Even if we focus on the role of an IT Business Analyst, it is clear that the scope of the work and nature of their skills differ in significant ways. An EA’s role is to translate business requirements into capabilities that can be cost-effectively implemented, predictably managed, and reliably controlled. The central abstraction for the EA is the Service Model and other models that relate to information, process, system, and functional flow to enable the ongoing operation of the business. As abstract as this may seem, especially to developers, the BA acts at an even more abstract level.

BAs are primarily tasked with requirements generation and facilitation of communications with technical groups to make sure those requirements are reliably implemented. In this regards, while an EA has both feet firmly planted on both sides of the business-IT divide, the BA (even an IT BA) is weighted towards the business.
Most organizations separate the roles of the BA and EA. However, organizations that are looking to maximize the benefit they receive from SOA and other architecturally-driven IT efforts should think more holistically about either combining the EA and BA responsibilities in the business or creating a new organizational structure that puts the business analysis and enterprise architecture roles into more intimate contact.

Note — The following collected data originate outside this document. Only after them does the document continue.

lemma vnorm_eq_sqrt_sum: "vnorm v = sqrt (\<Sum>i<dim_vec v. (v $ i)\<^sup>2)"
  unfolding vnorm_def scalar_prod_def by (simp add: lessThan_atLeast0 power2_eq_square)

lemma mat_diag_mult_vec:
  assumes "v \<in> carrier_vec n"
  shows "mat_diag n f *\<^sub>v v = vec n (\<lambda>i. f i * v $ i)"
proof (rule eq_vecI)
  fix i assume "i < dim_vec (vec n (\<lambda>i. f i * v $ i))"
  hence i: "i < n" by simp
  have "(mat_diag n f *\<^sub>v v) $ i = (\<Sum>l<n. (if i = l then f l else 0) * v $ l)"
    using i assms by (auto simp: mat_diag_def scalar_prod_def lessThan_atLeast0 intro!: sum.cong)
  also have "\<dots> = f i * v $ i" using i by (subst sum.remove[of _ i]) auto
  finally show "(mat_diag n f *\<^sub>v v) $ i = vec n (\<lambda>i. f i * v $ i) $ i" using i by simp
qed (simp add: mat_diag_def)

lemma vnorm_mat_diag_mult_vec:
  assumes "v \<in> carrier_vec n"
  shows "vnorm (mat_diag n f *\<^sub>v v) = sqrt (\<Sum>i<n. (f i)\<^sup>2 * (v $ i)\<^sup>2)"
  using assms by (simp add: mat_diag_mult_vec vnorm_eq_sqrt_sum power_mult_distrib)

lemma vnorm_mat_diag_mult_unit_vec:
  assumes "j < n"
  shows "vnorm (mat_diag n f *\<^sub>v unit_vec n j) = \<bar>f j\<bar>"
proof -
  have "(\<Sum>i<n. (f i)\<^sup>2 * (unit_vec n j $ i)\<^sup>2) = (f j)\<^sup>2"
    using assms by (subst sum.remove[of _ j]) auto
  thus ?thesis by (simp add: vnorm_mat_diag_mult_vec)
qed

lemma sum_squares_unit_vec:
  assumes "v \<in> carrier_vec n" and "vnorm v = 1"
  shows "(\<Sum>i<n. (v $ i)\<^sup>2) = 1"
  using assms by (simp add: vnorm_eq_sqrt_sum)

lemma vnorm_mat_diag_mult_unit_bounds:
  fixes f :: "nat \<Rightarrow> real"
  assumes "0 < n" and v: "v \<in> carrier_vec n" "vnorm v = 1"
  shows "(MIN i\<in>{..<n}. \<bar>f i\<bar>) \<le> vnorm (mat_diag n f *\<^sub>v v)"
    and "vnorm (mat_diag n f *\<^sub>v v) \<le> (MAX i\<in>{..<n}. \<bar>f i\<bar>)"
proof -
  let ?m = "MIN i\<in>{..<n}. \<bar>f i\<bar>" and ?M = "MAX i\<in>{..<n}. \<bar>f i\<bar>"
  have m: "0 \<le> ?m" "\<And>i. i < n \<Longrightarrow> ?m \<le> \<bar>f i\<bar>"
    using \<open>0 < n\<close> by (subst Min_ge_iff; auto) (intro Min_le; auto)
  have M: "\<And>i. i < n \<Longrightarrow> \<bar>f i\<bar> \<le> ?M" by simp
  have "?m\<^sup>2 = (\<Sum>i<n. ?m\<^sup>2 * (v $ i)\<^sup>2)"
    using sum_squares_unit_vec[OF v] by (simp add: sum_distrib_left[symmetric])
  also have "\<dots> \<le> (\<Sum>i<n. (f i)\<^sup>2 * (v $ i)\<^sup>2)"
    using m by (intro sum_mono mult_right_mono) (auto intro: power_mono simp flip: abs_le_square_iff)
  finally show "?m \<le> vnorm (mat_diag n f *\<^sub>v v)"
    unfolding vnorm_mat_diag_mult_vec[OF v(1)] by (rule real_le_rsqrt)
  have "(\<Sum>i<n. (f i)\<^sup>2 * (v $ i)\<^sup>2) \<le> (\<Sum>i<n. ?M\<^sup>2 * (v $ i)\<^sup>2)"
    using M by (intro sum_mono mult_right_mono)
      (auto simp flip: abs_le_square_iff intro: order_trans[OF _ abs_ge_self])
  also have "\<dots> = ?M\<^sup>2"
    using sum_squares_unit_vec[OF v] by (simp add: sum_distrib_left[symmetric])
  finally show "vnorm (mat_diag n f *\<^sub>v v) \<le> ?M"
    unfolding vnorm_mat_diag_mult_vec[OF v(1)] using M[OF \<open>0 < n\<close>] by (intro real_le_lsqrt) auto
qed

Part of the reason for bringing BA and EA closer together is that BAs often lack the technical skills to do the modeling part that is so necessary to making good architecture work. Second, most BAs have business metrics in mind (as they should) without having visibility into how IT will impact the realization of those metrics. Furthermore, BAs still think in terms of discrete business needs that need to be addressed in short timeframes. To achieve the promised SOA goals of reuse, reduction of redundancy, and business agility, the EA can provide the corporate memory and long-term strategic IT planning that most BAs lack in their tactical approach to today’s business needs.

The ZapThink Take
In most organizations, the role of the BA is far more developed and understood than the role of the EA. As such, it would be unreasonable to assume that the EA role will usurp, replace, or otherwise impinge on existing BA capabilities. However, the future of EA and the future BA are clearly moving in complementary directions. To the extent that BAs are dealing more and more with requirements for agility, reuse, and reduced cost of integration, they will find themselves mirroring the activities of the EA groups in their organization. Likewise, the more that EAs find themselves responsible for translating ill-defined business requirements into architectural models and Service definitions, the more they will find themselves filling a BA role in the organization.

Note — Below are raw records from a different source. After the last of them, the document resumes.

(* Let $n\ge 4$ and let $R(F_n^1)$ be the complex Leibniz algebra with basis $\{h_1,h_2,e_1,\dots,e_n\}$ and nonzero products $[e_i,e_1]=e_{i+1}$ ($2\le i\le n-1$), $[e_1,h_2]=e_1$, $[h_2,e_1]=-e_1$, $[e_i,h_1]=e_i$ ($2\le i\le n$), $[e_i,h_2]=(i-1)e_i$ ($2\le i\le n$). A linear map $D$ on $R(F_n^1)$ is an anti-derivation iff there exist $\beta_1,\dots,\beta_{n+1},\gamma_1,\gamma_2\in\mathbb C$ with $$D(h_1)=\gamma_1h_1+\sum_{i=2}^n\beta_{i+1}e_i,\quad D(h_2)=\gamma_2h_1+\beta_2e_1+\sum_{i=2}^n(i-1)\beta_{i+1}e_i,$$ $$D(e_1)=\beta_1e_1+\sum_{i=3}^n\beta_ie_i,\quad D(e_i)=0\ (2\le i\le n).$$
   Context: Leibniz algebras are right Leibniz over $\mathbb C$: $[x,[y,z]]=[[x,y],z]-[[x,z],y]$. Unlisted products are zero. An anti-derivation is a linear map $D$ with $D([x,y])=[D(x),y]-[D(y),x]$ for all $x,y$. *)

theory Defs
  imports Complex_Main "HOL-Library.Function_Algebras"
begin

datatype bidx = H1 | H2 | E nat

definition Bset :: "nat \<Rightarrow> bidx set" where
  "Bset n = {H1, H2} \<union> E ` {1..n}"

definition Vsp :: "nat \<Rightarrow> (bidx \<Rightarrow> complex) set" where
  "Vsp n = {v. \<forall>b. b \<notin> Bset n \<longrightarrow> v b = 0}"

definition bv :: "bidx \<Rightarrow> bidx \<Rightarrow> complex" where
  "bv b = (\<lambda>c. if c = b then 1 else 0)"

definition scal :: "complex \<Rightarrow> (bidx \<Rightarrow> complex) \<Rightarrow> bidx \<Rightarrow> complex" where
  "scal a v = (\<lambda>c. a * v c)"

text \<open>Structure constants: sc n a b c is the coefficient of c in [a,b].\<close>
definition sc :: "nat \<Rightarrow> bidx \<Rightarrow> bidx \<Rightarrow> bidx \<Rightarrow> complex" where
  "sc n a b c =
    (case a of
       E i \<Rightarrow> (case b of
                 E j \<Rightarrow> (if j = 1 \<and> 2 \<le> i \<and> i + 1 \<le> n \<and> c = E (i + 1) then 1 else 0)
               | H1 \<Rightarrow> (if 2 \<le> i \<and> i \<le> n \<and> c = E i then 1 else 0)
               | H2 \<Rightarrow> (if i = 1 \<and> c = E 1 then 1
                        else if 2 \<le> i \<and> i \<le> n \<and> c = E i then of_nat (i - 1) else 0))
     | H2 \<Rightarrow> (case b of
                 E j \<Rightarrow> (if j = 1 \<and> c = E 1 then -1 else 0)
               | _ \<Rightarrow> 0)
     | H1 \<Rightarrow> 0)"

definition bracket :: "nat \<Rightarrow> (bidx \<Rightarrow> complex) \<Rightarrow> (bidx \<Rightarrow> complex) \<Rightarrow> bidx \<Rightarrow> complex" where
  "bracket n x y = (\<lambda>c. \<Sum>a\<in>Bset n. \<Sum>b\<in>Bset n. x a * y b * sc n a b c)"

definition linear_on :: "nat \<Rightarrow> ((bidx \<Rightarrow> complex) \<Rightarrow> (bidx \<Rightarrow> complex)) \<Rightarrow> bool" where
  "linear_on n D \<longleftrightarrow>
     (\<forall>x\<in>Vsp n. D x \<in> Vsp n) \<and>
     (\<forall>x\<in>Vsp n. \<forall>y\<in>Vsp n. D (x + y) = D x + D y) \<and>
     (\<forall>x\<in>Vsp n. \<forall>a. D (scal a x) = scal a (D x))"

definition anti_derivation :: "nat \<Rightarrow> ((bidx \<Rightarrow> complex) \<Rightarrow> (bidx \<Rightarrow> complex)) \<Rightarrow> bool" where
  "anti_derivation n D \<longleftrightarrow>
     (\<forall>x\<in>Vsp n. \<forall>y\<in>Vsp n. D (bracket n x y) = bracket n (D x) y - bracket n (D y) x)"

end

theory Submission
  imports Defs
begin

(* Both sides of the anti-derivation identity are bilinear, so it suffices to check it on pairs
   of basis vectors.  Adding the identities for (x, y) and (y, x) shows that D annihilates every
   symmetrised product [x,y] + [y,x]; since [e_i,h_1] + [h_1,e_i] = e_i, D vanishes on e_2, ..., e_n.
   The pairs (h_1,h_2), (h_1,e_1) and (e_1,h_2) then give a linear system for D h_1, D h_2, D e_1
   whose solutions are exactly the stated family.  Conversely, for such D every D[a,b] of basis
   vectors is a multiple of D e_1, and the identity is checked on basis pairs. *)

lemma sum_fun_apply: "(sum f A) x = (\<Sum>a\<in>A. f a x)"
  by (induction A rule: infinite_finite_induct) auto

lemma finite_Bset [simp]: "finite (Bset n)"
  by (simp add: Bset_def)

lemma sum_Bset: "(\<Sum>b\<in>Bset n. f b) = f H1 + f H2 + (\<Sum>i=1..n. f (E i))"
proof -
  have "Bset n = insert H1 (insert H2 (E ` {1..n}))"
    by (auto simp: Bset_def)
  moreover have "inj_on E {1..n}"
    by (simp add: inj_on_def)
  ultimately show ?thesis
    by (simp add: sum.reindex image_iff add.assoc)
qed

lemma H1_in_Bset: "H1 \<in> Bset n"
  and H2_in_Bset: "H2 \<in> Bset n"
  and E_in_Bset: "1 \<le> i \<Longrightarrow> i \<le> n \<Longrightarrow> E i \<in> Bset n"
  by (auto simp: Bset_def)

lemma Bset_cases:
  assumes "b \<in> Bset n"
  obtains "b = H1" | "b = H2" | "b = E 1" | i where "b = E i" "2 \<le> i" "i \<le> n"
proof -
  from assms consider "b = H1" | "b = H2" | i where "b = E i" "1 \<le> i" "i \<le> n"
    by (auto simp: Bset_def)
  then show thesis
  proof cases
    case (3 i)
    then show thesis
      using that by (cases "i = 1") auto
  qed (use that in auto)
qed

lemma sum_single_nonzero:
  "finite A \<Longrightarrow> j \<in> A \<Longrightarrow> (\<And>i. i \<in> A \<Longrightarrow> i \<noteq> j \<Longrightarrow> f i = 0) \<Longrightarrow> sum f A = f j"
  by (simp add: sum.remove)

lemma sum_bv_mult: "a \<in> Bset n \<Longrightarrow> (\<Sum>b\<in>Bset n. bv a b * g b) = g a"
  by (subst sum_single_nonzero[where j = a]) (auto simp: bv_def)

lemma bv_in_Vsp: "b \<in> Bset n \<Longrightarrow> bv b \<in> Vsp n"
  by (auto simp: Vsp_def bv_def)

lemma scal_in_Vsp: "v \<in> Vsp n \<Longrightarrow> scal a v \<in> Vsp n"
  by (auto simp: Vsp_def scal_def)

lemma diff_in_Vsp: "v \<in> Vsp n \<Longrightarrow> w \<in> Vsp n \<Longrightarrow> v - w \<in> Vsp n"
  by (auto simp: Vsp_def)

lemma zero_in_Vsp: "0 \<in> Vsp n"
  by (auto simp: Vsp_def)

lemma Vsp_E_outside:
  assumes "v \<in> Vsp n" and "j = 0 \<or> n < j"
  shows "v (E j) = 0"
proof -
  have "E j \<notin> Bset n"
    using assms(2) by (auto simp: Bset_def)
  then show ?thesis
    using assms(1) by (simp add: Vsp_def)
qed

lemma scal_zero_left: "scal 0 v = 0"
  by (simp add: fun_eq_iff scal_def)

lemma scal_bv_apply: "scal g (bv b) c = (if c = b then g else 0)"
  by (simp add: scal_def bv_def)

lemma sum_scal_bv_E_apply:
  "finite A \<Longrightarrow> (\<Sum>i\<in>A. scal (f i) (bv (E i))) c = (case c of E j \<Rightarrow> if j \<in> A then f j else 0 | _ \<Rightarrow> 0)"
  by (cases c) (auto simp: sum_fun_apply scal_def bv_def if_distrib cong: if_cong)

lemma Vsp_eq_sum_basis: "x \<in> Vsp n \<Longrightarrow> x = (\<Sum>b\<in>Bset n. scal (x b) (bv b))"
  by (auto simp: fun_eq_iff sum_fun_apply scal_def bv_def Vsp_def if_distrib cong: if_cong)
(* Let \[T:=\tfrac{1}{\sqrt2}(s_1+s_2),\qquad V:=\tfrac{1}{\sqrt2}(s_1-s_2)(s_1s_1^*-s_2s_2^* ),\qquad R:=u+u^*.\] Then the fixed-point algebra $\mathcal{Q}_2^\sigma=\{a\in\mathcal{Q}_2:\sigma(a)=a\}$ satisfies \[\mathcal{Q}_2^\sigma=C^*(T,V,R)=C^*\big(xu^h+\sigma(x)u^{-h}\;:\;x\in\mathcal{O}_2,\ h\in\mathbb{Z}\big).\]
   Context: $\mathcal{Q}_2$ is the universal unital $C^*$-algebra generated by a unitary $u$ and an isometry $s_2$ subject to $s_2u=u^2s_2$ and $s_2s_2^*+us_2s_2^*u^{*}=1$. Put $s_1:=us_2$ and $\mathcal{O}_2:=C^*(s_1,s_2)\subset\mathcal{Q}_2$ (a copy of the Cuntz algebra). Let $\sigma$ be the $^*$-automorphism of $\mathcal{Q}_2$ determined by $\sigma(s_2)=s_1$ and $\sigma(u)=u^*$; it has order 2, satisfies $\sigma(s_1)=s_2$, and restricts to the flip-flop automorphism of $\mathcal{O}_2$ exchanging $s_1$ and $s_2$. *)

theory Defs
  imports "HOL-Analysis.Analysis"
begin

text \<open>A unital C*-algebra: a real Banach algebra with unit (norm 1 = 1) carrying a
complex scalar multiplication sc extending scaleR, and an involution st satisfying the
C*-identity.\<close>

definition cstar_algebra ::
  "(complex \<Rightarrow> 'a::{banach,real_normed_algebra_1} \<Rightarrow> 'a) \<Rightarrow> ('a \<Rightarrow> 'a) \<Rightarrow> bool"
  where "cstar_algebra sc st \<longleftrightarrow>
    (\<forall>a. sc 1 a = a) \<and>
    (\<forall>c d a. sc c (sc d a) = sc (c * d) a) \<and>
    (\<forall>c a b. sc c (a + b) = sc c a + sc c b) \<and>
    (\<forall>c d a. sc (c + d) a = sc c a + sc d a) \<and>
    (\<forall>r a. sc (complex_of_real r) a = scaleR r a) \<and>
    (\<forall>c a b. sc c (a * b) = sc c a * b \<and> sc c (a * b) = a * sc c b) \<and>
    (\<forall>c a. norm (sc c a) = cmod c * norm a) \<and>
    (\<forall>a. st (st a) = a) \<and>
    (\<forall>a b. st (a + b) = st a + st b) \<and>
    (\<forall>c a. st (sc c a) = sc (cnj c) (st a)) \<and>
    (\<forall>a b. st (a * b) = st b * st a) \<and>
    (\<forall>a. norm (st a * a) = (norm a)\<^sup>2)"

Clearly, not everything in the organization that a BA will deal with is IT centric, and likewise, the EA organization won’t cover all aspects of business operation. However, we’re in a business environment that’s looking to squeeze every bit of value and inefficiency out of IT. In this environment, it only makes sense to rethink the role of the BA and EA together — an expanded, strategic, and operational role for IT planning that plays more in the hands of business than it does in the increasingly commoditized hands of IT implementation and operations. When this happens, architecture itself becomes strategic and can move out of the hands of the IT organization and into the hands of business operations.